With more than 330,000 members and $4.5 billion in assets, Santa Rosa, California-based Redwood Credit Union is the eighth-largest CU in the state. The FI has used data analytics since its inception but began an initiative to centralize and expand its program just three years ago, according to Chief Information Officer Tony Hildesheim.
Leveraging financial and social data in accord
Like any other credit union of its size, Redwood processes thousands of financial transactions every single day. This provides the CU with a plethora of data insights on individuals’ spending habits, which then allows it to better personalize and market its products and services.
“We use information about external transfers and about people’s habits for moving money to predict solutions that will better meet their needs,” Hildesheim said. “By doing that, we can target-market those individuals and let them know we have a solution.”
Analyzing financial data may be crucial for building marketing campaigns, but it often only paints half the customer profile picture, he explained.
“There’s this idea out there that there’s a wealth of data that you have as a financial institution, that you should somehow [have enough information] to be able to make decisions based on [members’] needs,” Hildesheim said. “But the reality is that you’ve got to couple that with social information, because a lot of spending decisions are based on what’s happening with the individual from a social perspective.”
Social data takes priority over financial information in pre-approval for auto loans, for example. Redwood previously offered pre-approval approximately every 24 months. This interval was determined largely by each member’s credit score and the last time he or she financed a vehicle, but the formula did not produce a cohesive loan applicant profile.
“If you buy a car and you happen to have a partner in the household, then within nine months, that partner will [likely] want a new car as well,” Hildesheim said. “If the husband buys a truck, the wife’s going to want a new Volvo.”
Redwood is re-evaluating its preapproval frequency to resolve this problem, and is looking at partnering with social data aggregation company Acxiom to obtain the data necessary to explore similar options.
Using data analytics to detect fraud
As with many CUs, fraud detection is one of the biggest challenges Redwood faces today. The augment of faster payments and surge in digital transaction volumes have made it nearly impossible for human analysts to examine every transfer that gets red-flagged, a problem the credit union sought to resolve by turning to data analytics to recognize fraud patterns.
“As a consumer, you have a pattern about how you deposit, where you deposit and when you deposit,” Hildesheim explained. “But maybe, all of a sudden, you have deposits and withdrawals much more frequently. That heightens the likelihood that you might be falling victim to a scam.”
The company’s fraud detection system assigns the transaction a confidence score based on its likelihood of malice after a potentially fraudulent transaction is flagged, he added.
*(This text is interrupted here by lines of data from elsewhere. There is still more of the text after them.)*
(* Let $d,T\ge 1$, let $0<b<c$, and let $x_1,\dots,x_T\in\mathbb{R}^d$ and $y_1,\dots,y_T\in\mathbb{R}$ be arbitrary. Assume the labels are bounded: $\sup_t |y_t|\le Y$ for some $Y\in\mathbb{R}$. Let $\hat y_1,\dots,\hat y_T$ be the predictions of the LASER algorithm (defined in the context). Then \[ \sum_{t=1}^T (y_t-\hat y_t)^2 \;\le\; \min_{u_1,\dots,u_T\in\mathbb{R}^d}\Big[\, b\|u_1\|^2 + c\sum_{t=1}^{T-1}\|u_t-u_{t+1}\|^2 + \sum_{t=1}^T (x_t^\top u_t - y_t)^2 \Big] \;+\; Y^2\sum_{t=1}^T x_t^\top D_t^{-1}x_t . \]
   Context: LASER algorithm: with parameters $0<b<c$, set $D_0=\frac{bc}{c-b}I\in\mathbb{R}^{d\times d}$ and $e_0=0\in\mathbb{R}^d$. For $t=1,\dots,T$: after receiving $x_t$, compute $D_t=\big(D_{t-1}^{-1}+c^{-1}I\big)^{-1}+x_tx_t^\top$; output the prediction $\hat y_t = x_t^\top D_t^{-1}\big(I+c^{-1}D_{t-1}\big)^{-1}e_{t-1}$; after receiving $y_t$, set $e_t=\big(I+c^{-1}D_{t-1}\big)^{-1}e_{t-1}+y_tx_t$. Here $I$ is the $d\times d$ identity and $\|\cdot\|$ the Euclidean norm. *)

theory Defs
  imports "HOL-Analysis.Analysis"
begin

definition outer_self :: "real^'n \<Rightarrow> real^'n^'n" where
  "outer_self v = (\<chi> i j. v $ i * v $ j)"

text \<open>The LASER matrices D_t (t = 0,1,...); inputs x_1, x_2, ... are x 1, x 2, ...\<close>
fun laser_D :: "real \<Rightarrow> real \<Rightarrow> (nat \<Rightarrow> real^'n) \<Rightarrow> nat \<Rightarrow> real^'n^'n" where
  "laser_D b c x 0 = mat (b * c / (c - b))"
| "laser_D b c x (Suc t) =
     matrix_inv (matrix_inv (laser_D b c x t) + mat (1 / c)) + outer_self (x (Suc t))"

fun laser_e :: "real \<Rightarrow> real \<Rightarrow> (nat \<Rightarrow> real^'n) \<Rightarrow> (nat \<Rightarrow> real) \<Rightarrow> nat \<Rightarrow> real^'n" where
  "laser_e b c x y 0 = 0"
| "laser_e b c x y (Suc t) =
     matrix_inv (mat 1 + (1 / c) *\<^sub>R laser_D b c x t) *v laser_e b c x y t + y (Suc t) *\<^sub>R x (Suc t)"

definition laser_pred :: "real \<Rightarrow> real \<Rightarrow> (nat \<Rightarrow> real^'n) \<Rightarrow> (nat \<Rightarrow> real) \<Rightarrow> nat \<Rightarrow> real" where
  "laser_pred b c x y t =
     x t \<bullet> (matrix_inv (laser_D b c x t) *v
              (matrix_inv (mat 1 + (1 / c) *\<^sub>R laser_D b c x (t - 1)) *v laser_e b c x y (t - 1)))"

end

theory Submission imports Defs begin

text \<open>
The proof tracks the potential
  \<open>\<Phi>\<^sub>t(w) = (w - D\<^sub>t\<^sup>-\<^sup>1 e\<^sub>t)\<^sup>T D\<^sub>t (w - D\<^sub>t\<^sup>-\<^sup>1 e\<^sub>t)\<close>,
which up to a constant is the regularised loss of a comparator ending in \<open>w\<close>.
Each round splits into two steps. Forgetting: minimising \<open>\<Phi>\<^sub>t(v) + c\<parallel>v - w\<parallel>\<^sup>2\<close> over \<open>v\<close>
is an infimal convolution of two quadratics and yields the quadratic with matrix
\<open>(D\<^sub>t\<^sup>-\<^sup>1 + c\<^sup>-\<^sup>1 I)\<^sup>-\<^sup>1\<close>. Updating: adding the rank-one term \<open>x x\<^sup>T\<close> and the new loss
costs the learner at most \<open>Y\<^sup>2 x\<^sup>T D\<^sup>-\<^sup>1 x\<close> beyond the comparator's loss, by a
Sherman-Morrison computation. Telescoping over the rounds and dropping the final
nonnegative potential gives the bound; the free starting point \<open>u\<^sub>0 = (1 - b/c) u\<^sub>1\<close>
absorbs the initial matrix \<open>D\<^sub>0 = bc/(c-b) I\<close> into \<open>b\<parallel>u\<^sub>1\<parallel>\<^sup>2\<close>.
\<close>

definition symmetric_matrix :: "real^'n^'n \<Rightarrow> bool" where
  "symmetric_matrix M \<longleftrightarrow> transpose M = M"

definition pos_def_matrix :: "real^'n^'n \<Rightarrow> bool" where
  "pos_def_matrix M \<longleftrightarrow> (\<forall>v. v \<noteq> 0 \<longrightarrow> 0 < v \<bullet> (M *v v))"

lemma symmetric_matrix_inner:
  "symmetric_matrix M \<Longrightarrow> v \<bullet> (M *v w) = (M *v v) \<bullet> w"
  by (metis dot_lmul_matrix symmetric_matrix_def transpose_matrix_vector)

lemma matrix_inv_mult:
  fixes M :: "real^'n^'n"
  assumes "invertible M"
  shows matrix_mult_inv_right: "M ** matrix_inv M = mat 1"
    and matrix_mult_inv_left: "matrix_inv M ** M = mat 1"
proof -
  have "\<exists>N. M ** N = mat 1 \<and> N ** M = mat 1" using assms invertible_def by blast
  from someI_ex[OF this] show "M ** matrix_inv M = mat 1" "matrix_inv M ** M = mat 1"
    unfolding matrix_inv_def by auto
qed

lemma matrix_inv_vector_mult:
  fixes M :: "real^'n^'n"
  assumes "invertible M"
  shows matrix_vector_mult_inv_right: "M *v (matrix_inv M *v v) = v"
    and matrix_vector_mult_inv_left: "matrix_inv M *v (M *v v) = v"
  by (simp_all add: matrix_vector_mul_assoc matrix_inv_mult[OF assms])

lemma matrix_inv_matrix_inv:
  fixes M :: "real^'n^'n"
  assumes "invertible M"
  shows "matrix_inv (matrix_inv M) = M"
proof -
  let ?N = "matrix_inv M"
  have "invertible ?N"
    using matrix_inv_mult[OF assms] invertible_def by blast
  then have "matrix_inv ?N = matrix_inv ?N ** (?N ** M)"
    by (simp add: matrix_mult_inv_left[OF assms])
  also have "\<dots> = M"
    by (simp add: matrix_mul_assoc matrix_mult_inv_left[OF \<open>invertible ?N\<close>])
  finally show ?thesis .
qed

lemma mat_vector_mult: "(mat k :: real^'n^'n) *v v = k *\<^sub>R v"
  by (simp add: vec_eq_iff matrix_vector_mult_def mat_def if_distrib if_distribR
      cong del: if_weak_cong)

lemma outer_self_vector_mult: "outer_self x *v v = (x \<bullet> v) *\<^sub>R x"
  by (simp add: vec_eq_iff matrix_vector_mult_def outer_self_def inner_vec_def
      sum_distrib_left mult_ac)

lemma symmetric_matrix_mat: "symmetric_matrix (mat k)"
  by (simp add: symmetric_matrix_def)

lemma symmetric_matrix_outer_self: "symmetric_matrix (outer_self x)"
  by (simp add: symmetric_matrix_def outer_self_def transpose_def vec_eq_iff mult.commute)

lemma symmetric_matrix_add:
  "symmetric_matrix A \<Longrightarrow> symmetric_matrix B \<Longrightarrow> symmetric_matrix (A + B)"
  by (simp add: symmetric_matrix_def transpose_def vec_eq_iff)

lemma symmetric_matrix_inv:
  fixes M :: "real^'n^'n"
  assumes "symmetric_matrix M" "invertible M"
  shows "symmetric_matrix (matrix_inv M)"
proof -
  let ?N = "matrix_inv M"
  have "transpose ?N = transpose ?N ** (M ** ?N)"
    by (simp add: matrix_mult_inv_right[OF assms(2)])
  also have "\<dots> = transpose (M ** ?N) ** ?N"
    using assms(1) by (simp add: symmetric_matrix_def matrix_mul_assoc matrix_transpose_mul)
  also have "\<dots> = ?N" by (simp add: matrix_mult_inv_right[OF assms(2)])
  finally show ?thesis unfolding symmetric_matrix_def .
qed

lemma pos_def_matrix_nonneg: "pos_def_matrix A \<Longrightarrow> 0 \<le> v \<bullet> (A *v v)"
  unfolding pos_def_matrix_def by (cases "v = 0") (auto intro: less_imp_le)

lemma pos_def_matrix_mat: "0 < k \<Longrightarrow> pos_def_matrix (mat k)"
  unfolding pos_def_matrix_def by (simp add: mat_vector_mult)

lemma pos_def_matrix_add_nonneg:
  "pos_def_matrix A \<Longrightarrow> (\<And>v. 0 \<le> v \<bullet> (B *v v)) \<Longrightarrow> pos_def_matrix (A + B)"
  unfolding pos_def_matrix_def
  by (simp add: matrix_vector_mult_add_rdistrib inner_add_right add_pos_nonneg)

lemma pos_def_matrix_add_outer_self:
  "pos_def_matrix A \<Longrightarrow> pos_def_matrix (A + outer_self x)"
proof (rule pos_def_matrix_add_nonneg)
  show "0 \<le> v \<bullet> (outer_self x *v v)" for v
    by (simp add: outer_self_vector_mult inner_commute[of v x])
qed

lemma pos_def_matrix_invertible:
  fixes M :: "real^'n^'n"
  assumes "pos_def_matrix M"
  shows "invertible M"
proof -
  have "\<forall>v. M *v v = 0 \<longrightarrow> v = 0"
    using assms unfolding pos_def_matrix_def by (metis inner_zero_right less_irrefl)
  then show ?thesis using invertible_left_inverse matrix_left_invertible_ker by blast
qed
“Usually [the confidence score is] based on looking at hundreds of thousands of deposits … made by other people in the credit union, but also by that individual themselves,” Hildesheim said. “The more history we have with that individual, the better we are at doing this.”
The flagged transaction is then sent to a human analyst for review, a process he believes might be entirely handled by artificial intelligence (AI) in the future. There are some serious limitations to its current implementation, however.
“One of the challenges for credit unions and small banks is the amount of data that you really need to make AI effective,” Hildesheim noted. “Most people woefully underestimate the amount of data you need to actually get a reasonable response.”
The other major challenge with AI is bias, both within the system itself and from its creator. Redwood experienced this firsthand when it tested an AI system to identify people who needed financial counseling, as the solution predominantly singled out younger people.
“Theoretically, I guess you could say that the machine was right,” Hildesheim said. “Young people generally do need financial counseling, but it didn’t use what we thought was appropriate data to determine that.”
Will analytics take away CUs’ personal touch?
Data analytics can be a powerful tool, but it still has its limitations. Hildesheim feels the best way to determine CU members’ needs is often just to ask about them.
“At the end of the day, if you’re their trusted financial services partner, they’re ready to answer questions or provide information that allows us to help them better,” he said. “That’s been way more effective than trying to use data to figure it out, to be quite candid.”
In fact, Hildesheim has concerns that CUs are relying too heavily on data analytics for their daily operations. Consumers largely choose CUs over banks for their human touch, after all.
“If you don’t have people who are able to really understand the needs of that individual and meet them, then even if you have the best data program in the world, it doesn’t really matter,” he explained. “I think that’s the biggest fear I have for credit unions in general — that we forget who we are, where we came from and what our core values are.”
Striking that balance might be the key to successful implementation as data analytics becomes more prevalent in the CU space.